Reclaiming Butch/Femme: Who’s Heteronormative? – Sheri Atkinson & Cynthia Degnan
Oprah magazine recently ran a story entitled, “Why are women leaving men for other women.” The article framed these relationships in a limiting and problematic way. The premise was that previously straight, feminine women find butch women to be closer to the ideal men that they envisioned being with. The article thus reinforces a heteronormative model based on stereotypes of femmes as essentially straight and butches as essentially men. The idea that butch/femme relationships replicate a heteronormative model is often used as a critique against them. These criticisms are short sighted and oversimplify many people’s experiences. This argument still frames queer relationships in relation to straightness and creates the idea that some relationships are more queer than others. We would like to use this workshop to think outside these parameters and develop a language that is more empowering and reflective of people’s experiences. This workshop will create a space to engage in lively dialogue about the many ways we define butch/femme/queer relationships. Participants can share and model ways that they define and configure their own relationships. This will allow participants to develop language to address the narrowly defined criticisms often placed on us and to build community among ourselves.
A Re-Introduction to the Only-Mostly-Dead Art of Chivalry (Now! With 200% More Feminism!) – S. Bear Bergman
Everyone’s heard the stories: men who get kneed in the balls for holding open a door, youngsters who sprawl on bus seats while elders stand, the myth of the handkerchief-carrying gentleman, and all the rest. What, exactly, do girls women people want in the world of chivalry? How can a modern gentleperson be courteous without being sexist or a suckup? And while we’re at it – who goes through the door first, again? Talk a little about the principles, and then learn a lot about the mechanics of walking in public (v. walking in private, natch), and a whole lot more.

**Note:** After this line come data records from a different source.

(* An oval in $\mathbb{R}^{2}$ is an ellipse centered at the origin if and only if its support function $h$ satisfies $(h^{2})'''+4(h^{2})'=0$.
   Context: Identify $\mathbb{R}^{2}\cong\mathbb{C}$. An oval is a $C^{2}$ embedded closed plane curve with nowhere-vanishing curvature. The support function of an oval $\mathcal{O}$ is $h(\theta)=\sup_{p\in\mathcal{O}}p\cdot e^{i\theta}$, regarded as a $2\pi$-periodic function of $\theta\in\mathbb{R}$. *)

theory Defs
  imports "HOL-Analysis.Analysis"
begin

definition oval_param :: "(real \<Rightarrow> complex) \<Rightarrow> bool" where
  "oval_param g \<longleftrightarrow>
     (\<forall>t. g (t + 1) = g t) \<and>
     inj_on g {0..<1} \<and>
     (\<exists>g1 g2.
        (\<forall>t. (g has_vector_derivative g1 t) (at t)) \<and>
        (\<forall>t. (g1 has_vector_derivative g2 t) (at t)) \<and>
        continuous_on UNIV g2 \<and>
        (\<forall>t. g1 t \<noteq> 0) \<and>
        (\<forall>t. Im (cnj (g1 t) * g2 t) / (cmod (g1 t)) ^ 3 \<noteq> 0))"

definition is_oval :: "complex set \<Rightarrow> bool" where
  "is_oval C \<longleftrightarrow> (\<exists>g. oval_param g \<and> C = g ` {0..1})"

definition support_fun :: "complex set \<Rightarrow> real \<Rightarrow> real" where
  "support_fun C \<theta> = (SUP p\<in>C. p \<bullet> cis \<theta>)"

definition is_centered_ellipse :: "complex set \<Rightarrow> bool" where
  "is_centered_ellipse E \<longleftrightarrow>
     (\<exists>a b \<phi>. a > 0 \<and> b > 0 \<and>
        E = {cis \<phi> * Complex (a * cos t) (b * sin t) | t. True})"

end

theory Submission
  imports Defs
begin

text \<open>
  The support function of the ellipse with semi-axes \<open>a, b\<close> rotated by \<open>\<phi>\<close> satisfies
  \<open>h\<^sup>2 = (a\<^sup>2 + b\<^sup>2)/2 + (a\<^sup>2 - b\<^sup>2)/2 \<cdot> cos (2\<theta> - 2\<phi>)\<close>, and the solutions of
  \<open>y''' + 4y' = 0\<close> are exactly the functions \<open>c + R cos (2\<theta> - \<psi>)\<close>. So it remains to show
  that an oval \<open>C\<close> with \<open>h\<^sup>2 = c + R cos (2\<theta> - \<psi>)\<close> is an ellipse. Then \<open>h\<^sup>2\<close> is
  \<open>\<pi>\<close>-periodic, and since an oval (having nonzero curvature) lies in no line,
  \<open>h(\<theta>) + h(\<theta> + \<pi>) > 0\<close>; hence \<open>h > 0\<close>, \<open>c \<plusminus> R > 0\<close>, and \<open>h\<close> is the support function
  of the ellipse \<open>E\<close> with \<open>a\<^sup>2 = c + R\<close>, \<open>b\<^sup>2 = c - R\<close>. Every point of \<open>C\<close> lies in the
  filled ellipse, and every point of \<open>E\<close> is the only point of the filled ellipse maximising
  the linear functional normal to \<open>E\<close> there, so \<open>E \<subseteq> C\<close>. Finally, a Jordan curve cannot
  properly contain another one, so \<open>C = E\<close>.
\<close>

section \<open>Support functions and ellipses\<close>

lemma polar_coordinates_real:
  fixes u v :: real
  obtains \<psi> where "u = sqrt (u\<^sup>2 + v\<^sup>2) * cos \<psi>" and "v = sqrt (u\<^sup>2 + v\<^sup>2) * sin \<psi>"
proof
  have "rcis (cmod (Complex u v)) (Arg (Complex u v)) = Complex u v"
    by (rule rcis_cmod_Arg)
  then show "u = sqrt (u\<^sup>2 + v\<^sup>2) * cos (Arg (Complex u v))"
    and "v = sqrt (u\<^sup>2 + v\<^sup>2) * sin (Arg (Complex u v))"
    by (metis Re_rcis complex.sel(1) complex_norm, metis Im_rcis complex.sel(2) complex_norm)
qed

lemma inner_cis_mult_Complex:
  "(cis \<phi> * Complex x y) \<bullet> cis \<theta> = x * cos (\<theta> - \<phi>) + y * sin (\<theta> - \<phi>)"
  by (simp add: inner_complex_def cos_diff sin_diff algebra_simps)

lemma Im_cnj_mult_eq_0_if_orthogonal:
  fixes v w e :: complex
  assumes "v \<bullet> e = 0" "w \<bullet> e = 0" "e \<noteq> 0"
  shows "Im (cnj v * w) = 0"
proof -
  have "Im (cnj v * w) * Re e = 0" "Im (cnj v * w) * Im e = 0"
    using assms(1,2) unfolding inner_complex_def by simp_all algebra+
  then show ?thesis using assms(3) by (auto simp: complex_eq_iff)
qed

definition ellipse :: "real \<Rightarrow> real \<Rightarrow> real \<Rightarrow> complex set" where
  "ellipse a b \<phi> = range (\<lambda>t. cis \<phi> * Complex (a * cos t) (b * sin t))"

lemma is_centered_ellipse_iff:
  "is_centered_ellipse E \<longleftrightarrow> (\<exists>a b \<phi>. a > 0 \<and> b > 0 \<and> E = ellipse a b \<phi>)"
  unfolding is_centered_ellipse_def ellipse_def by (simp add: full_SetCompr_eq)

lemma support_fun_upper:
  assumes "compact C" "p \<in> C"
  shows "p \<bullet> cis \<theta> \<le> support_fun C \<theta>"
proof -
  have "compact ((\<lambda>p. p \<bullet> cis \<theta>) ` C)"
    by (rule compact_continuous_image[OF _ assms(1)]) (intro continuous_intros)
  then have "bdd_above ((\<lambda>p. p \<bullet> cis \<theta>) ` C)"
    by (intro bounded_imp_bdd_above compact_imp_bounded)
  then show ?thesis unfolding support_fun_def by (rule cSUP_upper[OF assms(2)])
qed

lemma support_fun_attained:
  assumes "compact C" "C \<noteq> {}"
  obtains p where "p \<in> C" "p \<bullet> cis \<theta> = support_fun C \<theta>"
proof -
  have "continuous_on C (\<lambda>p. p \<bullet> cis \<theta>)" by (intro continuous_intros)
  then obtain p where "p \<in> C" and max: "\<forall>q\<in>C. q \<bullet> cis \<theta> \<le> p \<bullet> cis \<theta>"
    using continuous_attains_sup[OF assms] by blast
  moreover have "support_fun C \<theta> = p \<bullet> cis \<theta>"
    unfolding support_fun_def using \<open>p \<in> C\<close> max by (intro cSup_eq_maximum) auto
  ultimately show ?thesis using that by simp
qed

lemma support_fun_antipodal_sum_pos:
  assumes "compact C" "p \<in> C" "q \<in> C" "p \<bullet> cis \<theta> \<noteq> q \<bullet> cis \<theta>"
  shows "support_fun C \<theta> + support_fun C (\<theta> + pi) > 0"
proof -
  have "cis (\<theta> + pi) = - cis \<theta>" by (simp add: cis_mult[symmetric])
  then have "- (x \<bullet> cis \<theta>) \<le> support_fun C (\<theta> + pi)" if "x \<in> C" for x
    using support_fun_upper[OF assms(1) that, of "\<theta> + pi"] by simp
  moreover have "x \<bullet> cis \<theta> \<le> support_fun C \<theta>" if "x \<in> C" for x
    using support_fun_upper[OF assms(1) that] .
  ultimately show ?thesis
    using assms(2-4) by (smt (verit))
qed

lemma support_fun_ellipse:
  "support_fun (ellipse a b \<phi>) \<theta> = sqrt ((a * cos (\<theta> - \<phi>))\<^sup>2 + (b * sin (\<theta> - \<phi>))\<^sup>2)"
proof -
  define u where "u = a * cos (\<theta> - \<phi>)"
  define v where "v = b * sin (\<theta> - \<phi>)"
  obtain \<psi> where u: "u = sqrt (u\<^sup>2 + v\<^sup>2) * cos \<psi>" and v: "v = sqrt (u\<^sup>2 + v\<^sup>2) * sin \<psi>"
    by (rule polar_coordinates_real)
  have "(cis \<phi> * Complex (a * cos t) (b * sin t)) \<bullet> cis \<theta> = sqrt (u\<^sup>2 + v\<^sup>2) * cos (t - \<psi>)" for t
  proof -
    have "(cis \<phi> * Complex (a * cos t) (b * sin t)) \<bullet> cis \<theta> = u * cos t + v * sin t"
      unfolding inner_cis_mult_Complex u_def v_def by simp
    also have "\<dots> = sqrt (u\<^sup>2 + v\<^sup>2) * cos (t - \<psi>)"
      by (subst u, subst v) (simp add: cos_diff algebra_simps)
    finally show ?thesis .
  qed
  then have "support_fun (ellipse a b \<phi>) \<theta> = (SUP t. sqrt (u\<^sup>2 + v\<^sup>2) * cos (t - \<psi>))"
    unfolding support_fun_def ellipse_def image_image by simp
  also have "\<dots> = sqrt (u\<^sup>2 + v\<^sup>2)"
    by (rule cSup_eq_maximum) (auto intro!: image_eqI[where x = \<psi>] mult_left_le)
  finally show ?thesis unfolding u_def v_def .
qed

lemma support_fun_ellipse_sq:
  "(support_fun (ellipse a b \<phi>) \<theta>)\<^sup>2 = (a\<^sup>2 + b\<^sup>2) / 2 + (a\<^sup>2 - b\<^sup>2) / 2 * cos (2 * \<theta> - 2 * \<phi>)"
proof -
  have "(support_fun (ellipse a b \<phi>) \<theta>)\<^sup>2 = (a * cos (\<theta> - \<phi>))\<^sup>2 + (b * sin (\<theta> - \<phi>))\<^sup>2"
    by (simp add: support_fun_ellipse)
  also have "\<dots> = (a\<^sup>2 + b\<^sup>2) / 2 + (a\<^sup>2 - b\<^sup>2) / 2 * cos (2 * (\<theta> - \<phi>))"
    unfolding cos_double power_mult_distrib sin_squared_eq by (simp add: field_simps)
  finally show ?thesis by (simp add: algebra_simps)
qed

lemma ellipse_inside_of_below_support:
  fixes a b x y :: real
  assumes "a > 0" "b > 0"
    and below: "\<And>\<psi>. x * cos \<psi> + y * sin \<psi> \<le> sqrt ((a * cos \<psi>)\<^sup>2 + (b * sin \<psi>)\<^sup>2)"
  shows "(x / a)\<^sup>2 + (y / b)\<^sup>2 \<le> 1"
proof -
  define Q where "Q = (x / a)\<^sup>2 + (y / b)\<^sup>2"
  define D where "D = sqrt ((x / a\<^sup>2)\<^sup>2 + (y / b\<^sup>2)\<^sup>2)"
  \<comment> \<open>\<open>\<psi>\<close> is the normal direction at \<open>(x, y)\<close> of the ellipse through that point\<close>
  obtain \<psi> where c: "x / a\<^sup>2 = D * cos \<psi>" and s: "y / b\<^sup>2 = D * sin \<psi>"
    unfolding D_def by (rule polar_coordinates_real)
  have "D * (x * cos \<psi> + y * sin \<psi>) = x * (x / a\<^sup>2) + y * (y / b\<^sup>2)"
    unfolding c s by (simp add: algebra_simps)
  also have "\<dots> = Q"
    unfolding Q_def by (simp add: power2_eq_square)
  finally have lhs: "D * (x * cos \<psi> + y * sin \<psi>) = Q" .
  have "D\<^sup>2 * ((a * cos \<psi>)\<^sup>2 + (b * sin \<psi>)\<^sup>2) = a\<^sup>2 * (x / a\<^sup>2)\<^sup>2 + b\<^sup>2 * (y / b\<^sup>2)\<^sup>2"
    unfolding c s by (simp add: algebra_simps)
  also have "\<dots> = Q"
    unfolding Q_def using assms(1,2) by (simp add: power2_eq_square)
  finally have "D * sqrt ((a * cos \<psi>)\<^sup>2 + (b * sin \<psi>)\<^sup>2) = sqrt Q"
    unfolding D_def by (metis real_sqrt_mult real_sqrt_pow2 zero_le_power2 add_nonneg_nonneg)
  with lhs have "Q \<le> sqrt Q"
    using mult_left_mono[OF below[of \<psi>], of D] D_def by simp
  moreover have "Q \<ge> 0" unfolding Q_def by simp
  ultimately have "Q * Q \<le> sqrt Q * sqrt Q"
    by (intro mult_mono) auto
  then have "Q * Q \<le> Q * 1" using \<open>Q \<ge> 0\<close> by simp
  then show ?thesis
    unfolding Q_def[symmetric] using \<open>Q \<ge> 0\<close> by (cases "Q = 0") auto
qed

lemma ellipse_unique_maximizer:
  fixes a b x y t :: real
  assumes "a > 0" "b > 0" and inside: "(x / a)\<^sup>2 + (y / b)\<^sup>2 \<le> 1"
    and max: "x * (b * cos t) + y * (a * sin t) \<ge> a * b"
  shows "x = a * cos t" "y = b * sin t"
proof -
  define X Y where "X = x / a" and "Y = y / b"
  have "X * cos t + Y * sin t = (x * (b * cos t) + y * (a * sin t)) / (a * b)"
    using assms(1,2) unfolding X_def Y_def by (simp add: field_simps)
  then have "X * cos t + Y * sin t \<ge> 1"
    using max assms(1,2) by simp
  then have "(X - cos t)\<^sup>2 + (Y - sin t)\<^sup>2 \<le> 0"
    using inside unfolding X_def[symmetric] Y_def[symmetric]
    by (simp add: power2_diff algebra_simps)
  then have "X = cos t" "Y = sin t"
    by (smt (verit) sum_power2_eq_zero_iff zero_le_power2 right_minus_eq)+
  then show "x = a * cos t" "y = b * sin t"
    using assms(1,2) unfolding X_def Y_def by (simp_all add: field_simps)
qed

lemma ellipse_normal_direction:
  fixes a b t :: real
  assumes "a > 0" "b > 0"
  obtains M \<psi> where "b * cos t = M * cos \<psi>" "a * sin t = M * sin \<psi>"
    and "M * sqrt ((a * cos \<psi>)\<^sup>2 + (b * sin \<psi>)\<^sup>2) = a * b"
proof -
  define M where "M = sqrt ((b * cos t)\<^sup>2 + (a * sin t)\<^sup>2)"
  obtain \<psi> where c: "b * cos t = M * cos \<psi>" and s: "a * sin t = M * sin \<psi>"
    unfolding M_def by (rule polar_coordinates_real)
  have "M\<^sup>2 * ((a * cos \<psi>)\<^sup>2 + (b * sin \<psi>)\<^sup>2) = a\<^sup>2 * (M * cos \<psi>)\<^sup>2 + b\<^sup>2 * (M * sin \<psi>)\<^sup>2"
    by (simp add: algebra_simps)
  also have "\<dots> = (a * b)\<^sup>2 * ((cos t)\<^sup>2 + (sin t)\<^sup>2)"
    unfolding c[symmetric] s[symmetric] by algebra
  finally have "sqrt (M\<^sup>2 * ((a * cos \<psi>)\<^sup>2 + (b * sin \<psi>)\<^sup>2)) = a * b"
    using assms by simp
  then have "M * sqrt ((a * cos \<psi>)\<^sup>2 + (b * sin \<psi>)\<^sup>2) = a * b"
    unfolding real_sqrt_mult by (simp add: M_def)
  with c s show ?thesis by (rule that)
qed
(* For every acyclic weighted digraph $D$ in which every arc has weight at least $1$, $\mathrm{mac}(D)\ge\frac{w(D)}{4}+\frac{w(D)^{0.6}}{24}$.
   Context: A weighted digraph $D=(V,A,w)$ is a digraph without loops or parallel arcs (opposite arcs allowed) with weights $w:A\to\mathbb{R}_{\ge0}$; $w(D)$ is the total arc weight. For a partition $(X,Y)$ of $V$, $w(X,Y)$ is the total weight of arcs from $X$ to $Y$, and $\mathrm{mac}(D)=\max_{(X,Y)}w(X,Y)$. Acyclic means containing no directed cycle. *)

theory Defs
  imports Main "HOL-Library.Disjoint_Sets" Complex_Main
begin

text \<open>A weighted digraph (V, A, w): finite vertex set V, arc set A \<subseteq> V \<times> V
  without loops (parallel arcs are excluded since A is a set; opposite arcs are allowed),
  and nonnegative weights w on arcs.\<close>
definition weighted_digraph :: "'a set \<Rightarrow> ('a \<times> 'a) set \<Rightarrow> ('a \<times> 'a \<Rightarrow> real) \<Rightarrow> bool" where
  "weighted_digraph V A w \<longleftrightarrow> finite V \<and> A \<subseteq> V \<times> V \<and> (\<forall>v. (v, v) \<notin> A)
     \<and> (\<forall>a\<in>A. w a \<ge> 0)"

definition total_weight :: "('a \<times> 'a) set \<Rightarrow> ('a \<times> 'a \<Rightarrow> real) \<Rightarrow> real" where
  "total_weight A w = (\<Sum>a\<in>A. w a)"

definition cut_weight :: "('a \<times> 'a) set \<Rightarrow> ('a \<times> 'a \<Rightarrow> real) \<Rightarrow> 'a set \<Rightarrow> 'a set \<Rightarrow> real" where
  "cut_weight A w X Y = (\<Sum>a\<in>{(x, y) \<in> A. x \<in> X \<and> y \<in> Y}. w a)"

definition mac :: "'a set \<Rightarrow> ('a \<times> 'a) set \<Rightarrow> ('a \<times> 'a \<Rightarrow> real) \<Rightarrow> real" where
  "mac V A w = Max ((\<lambda>X. cut_weight A w X (V - X)) ` Pow V)"

end

theory Submission
  imports Defs
begin

text \<open>Write \<open>g = mac(D) - w(D)/4\<close> for the surplus and suppose \<open>g < w(D)^{0.6}/24\<close>.
  Rounding a random cut with independent probabilities \<open>(1 + y v)/2\<close> shows
  \<open>w(D)/4 - \<Sum> w(uv) y(u) y(v) / 4 \<le> mac(D)\<close> for every \<open>y\<close> with values in \<open>[-1,1]\<close>; in an
  acyclic digraph a suitable \<open>\<plusminus>1\<close>-vector on the ends of a matching \<open>M\<close> gives \<open>w(M) \<le> 4g\<close>.
  So a maximal matching yields a small vertex cover \<open>Q\<close>, \<open>|Q| \<le> 8g\<close>, and a cut argument shows
  that almost all weight lies on arcs inside \<open>Q\<close>. Numbering \<open>Q\<close> along a topological order,
  the arcs inside \<open>Q\<close> of span at most \<open>s\<close> split into \<open>2s\<close> matchings, so most weight sits on long
  arcs; but then the potential "position in \<open>Q\<close> divided by \<open>|Q|\<close>" increases along the arcs by
  much more than the bound \<open>\<Sum> w(uv)(t v - t u) \<le> 2 \<surd>(w(D) g)\<close> from the rounding lemma allows.\<close>

lemma weighted_digraphD:
  assumes "weighted_digraph V A w"
  shows "finite V" "A \<subseteq> V \<times> V" "finite A" "\<And>v. (v, v) \<notin> A" "\<And>a. a \<in> A \<Longrightarrow> w a \<ge> 0"
  using assms unfolding weighted_digraph_def
  by (auto intro: finite_subset[of A "V \<times> V"])

lemma cut_weight_le_mac:
  assumes "weighted_digraph V A w" and "X \<subseteq> V"
  shows "cut_weight A w X (V - X) \<le> mac V A w"
  unfolding mac_def using assms by (intro Max_ge) (auto simp: weighted_digraph_def)

definition mac_surplus :: "'a set \<Rightarrow> ('a \<times> 'a) set \<Rightarrow> ('a \<times> 'a \<Rightarrow> real) \<Rightarrow> real" where
  "mac_surplus V A w = mac V A w - total_weight A w / 4"

lemma card_le_sum_weight:
  assumes "\<forall>a\<in>S. w a \<ge> 1"
  shows "real (card S) \<le> sum w S"
proof -
  have "real (card S) = (\<Sum>a\<in>S. (1::real))" by simp
  also have "\<dots> \<le> sum w S" using assms by (intro sum_mono) auto
  finally show ?thesis .
qed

An Exploration of Dick – Blast
The ever elusive search for just the “right” dick… We all know just how frustrating it is. Do you ever to get the latest and greatest dick in the mail or at your local sex toy shop and find that it isn’t amazing or at least as amazing as what you hoped it would be? Whether you’re looking for something for a dick be it pissing, packing, or fucking this is the workshop for you. In this workshop we’ll explore a variety of dicks and even some harnesses/packy straps that are available on the market right now. We’ll pass them around, talk about them, and share our experiences with them, both good and bad. Along the way we’ll learn a bit about the dick making process, the materials they’re made from, and what lubes to use/avoid. There will also be a raffle where everyone has the chance to take home an exciting new toy.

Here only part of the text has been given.